> _Task requirements_
Could you return each line below without altering a word?

> _The input_
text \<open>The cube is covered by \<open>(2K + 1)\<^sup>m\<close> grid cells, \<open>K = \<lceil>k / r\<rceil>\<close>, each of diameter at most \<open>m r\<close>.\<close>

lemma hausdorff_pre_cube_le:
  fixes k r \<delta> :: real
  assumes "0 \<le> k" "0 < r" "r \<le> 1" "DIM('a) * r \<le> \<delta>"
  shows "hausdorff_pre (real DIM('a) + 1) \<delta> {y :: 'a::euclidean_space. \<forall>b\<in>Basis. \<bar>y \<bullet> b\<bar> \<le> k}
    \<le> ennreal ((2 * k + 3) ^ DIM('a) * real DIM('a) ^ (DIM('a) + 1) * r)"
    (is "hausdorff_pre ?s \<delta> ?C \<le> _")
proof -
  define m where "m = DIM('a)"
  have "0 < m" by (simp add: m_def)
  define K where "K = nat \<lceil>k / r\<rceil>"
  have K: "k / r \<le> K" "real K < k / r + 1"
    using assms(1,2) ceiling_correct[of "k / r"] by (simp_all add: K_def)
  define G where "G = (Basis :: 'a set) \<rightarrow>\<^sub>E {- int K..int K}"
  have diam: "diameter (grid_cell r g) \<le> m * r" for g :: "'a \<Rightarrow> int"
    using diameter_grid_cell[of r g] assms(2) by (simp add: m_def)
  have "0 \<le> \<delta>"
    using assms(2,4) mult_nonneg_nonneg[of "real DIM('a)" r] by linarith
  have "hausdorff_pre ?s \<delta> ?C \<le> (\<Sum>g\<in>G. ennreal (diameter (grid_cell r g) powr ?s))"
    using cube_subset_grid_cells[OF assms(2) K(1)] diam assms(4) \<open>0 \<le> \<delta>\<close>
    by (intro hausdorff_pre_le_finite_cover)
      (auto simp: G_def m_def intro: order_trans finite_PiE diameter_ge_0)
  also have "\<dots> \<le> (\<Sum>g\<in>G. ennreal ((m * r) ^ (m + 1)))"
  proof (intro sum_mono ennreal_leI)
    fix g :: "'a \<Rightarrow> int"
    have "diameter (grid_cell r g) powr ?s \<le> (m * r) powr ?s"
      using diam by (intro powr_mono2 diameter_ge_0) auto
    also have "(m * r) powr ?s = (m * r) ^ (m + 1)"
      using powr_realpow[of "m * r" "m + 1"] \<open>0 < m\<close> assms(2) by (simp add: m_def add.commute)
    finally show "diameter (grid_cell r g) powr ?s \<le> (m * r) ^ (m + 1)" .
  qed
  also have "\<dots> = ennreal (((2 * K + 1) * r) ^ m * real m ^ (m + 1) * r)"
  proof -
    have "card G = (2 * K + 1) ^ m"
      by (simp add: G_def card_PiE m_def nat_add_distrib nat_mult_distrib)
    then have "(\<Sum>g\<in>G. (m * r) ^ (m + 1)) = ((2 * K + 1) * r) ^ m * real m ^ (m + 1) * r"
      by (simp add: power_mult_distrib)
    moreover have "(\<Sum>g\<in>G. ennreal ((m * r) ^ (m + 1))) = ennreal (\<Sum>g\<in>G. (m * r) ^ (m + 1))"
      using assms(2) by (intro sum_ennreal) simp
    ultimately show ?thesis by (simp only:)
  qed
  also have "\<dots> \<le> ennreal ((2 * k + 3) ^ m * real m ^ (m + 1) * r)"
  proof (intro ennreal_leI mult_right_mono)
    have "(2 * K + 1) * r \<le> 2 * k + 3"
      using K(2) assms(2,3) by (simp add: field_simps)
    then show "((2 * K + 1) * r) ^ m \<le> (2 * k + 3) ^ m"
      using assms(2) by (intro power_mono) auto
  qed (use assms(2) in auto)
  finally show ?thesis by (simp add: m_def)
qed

> _Expected answer_
text \<open>The cube is covered by \<open>(2K + 1)\<^sup>m\<close> grid cells, \<open>K = \<lceil>k / r\<rceil>\<close>, each of diameter at most \<open>m r\<close>.\<close>

lemma hausdorff_pre_cube_le:
  fixes k r \<delta> :: real
  assumes "0 \<le> k" "0 < r" "r \<le> 1" "DIM('a) * r \<le> \<delta>"
  shows "hausdorff_pre (real DIM('a) + 1) \<delta> {y :: 'a::euclidean_space. \<forall>b\<in>Basis. \<bar>y \<bullet> b\<bar> \<le> k}
    \<le> ennreal ((2 * k + 3) ^ DIM('a) * real DIM('a) ^ (DIM('a) + 1) * r)"
    (is "hausdorff_pre ?s \<delta> ?C \<le> _")
proof -
  define m where "m = DIM('a)"
  have "0 < m" by (simp add: m_def)
  define K where "K = nat \<lceil>k / r\<rceil>"
  have K: "k / r \<le> K" "real K < k / r + 1"
    using assms(1,2) ceiling_correct[of "k / r"] by (simp_all add: K_def)
  define G where "G = (Basis :: 'a set) \<rightarrow>\<^sub>E {- int K..int K}"
  have diam: "diameter (grid_cell r g) \<le> m * r" for g :: "'a \<Rightarrow> int"
    using diameter_grid_cell[of r g] assms(2) by (simp add: m_def)
  have "0 \<le> \<delta>"
    using assms(2,4) mult_nonneg_nonneg[of "real DIM('a)" r] by linarith
  have "hausdorff_pre ?s \<delta> ?C \<le> (\<Sum>g\<in>G. ennreal (diameter (grid_cell r g) powr ?s))"
    using cube_subset_grid_cells[OF assms(2) K(1)] diam assms(4) \<open>0 \<le> \<delta>\<close>
    by (intro hausdorff_pre_le_finite_cover)
      (auto simp: G_def m_def intro: order_trans finite_PiE diameter_ge_0)
  also have "\<dots> \<le> (\<Sum>g\<in>G. ennreal ((m * r) ^ (m + 1)))"
  proof (intro sum_mono ennreal_leI)
    fix g :: "'a \<Rightarrow> int"
    have "diameter (grid_cell r g) powr ?s \<le> (m * r) powr ?s"
      using diam by (intro powr_mono2 diameter_ge_0) auto
    also have "(m * r) powr ?s = (m * r) ^ (m + 1)"
      using powr_realpow[of "m * r" "m + 1"] \<open>0 < m\<close> assms(2) by (simp add: m_def add.commute)
    finally show "diameter (grid_cell r g) powr ?s \<le> (m * r) ^ (m + 1)" .
  qed
  also have "\<dots> = ennreal (((2 * K + 1) * r) ^ m * real m ^ (m + 1) * r)"
  proof -
    have "card G = (2 * K + 1) ^ m"
      by (simp add: G_def card_PiE m_def nat_add_distrib nat_mult_distrib)
    then have "(\<Sum>g\<in>G. (m * r) ^ (m + 1)) = ((2 * K + 1) * r) ^ m * real m ^ (m + 1) * r"
      by (simp add: power_mult_distrib)
    moreover have "(\<Sum>g\<in>G. ennreal ((m * r) ^ (m + 1))) = ennreal (\<Sum>g\<in>G. (m * r) ^ (m + 1))"
      using assms(2) by (intro sum_ennreal) simp
    ultimately show ?thesis by (simp only:)
  qed
  also have "\<dots> \<le> ennreal ((2 * k + 3) ^ m * real m ^ (m + 1) * r)"
  proof (intro ennreal_leI mult_right_mono)
    have "(2 * K + 1) * r \<le> 2 * k + 3"
      using K(2) assms(2,3) by (simp add: field_simps)
    then show "((2 * K + 1) * r) ^ m \<le> (2 * k + 3) ^ m"
      using assms(2) by (intro power_mono) auto
  qed (use assms(2) in auto)
  finally show ?thesis by (simp add: m_def)
qed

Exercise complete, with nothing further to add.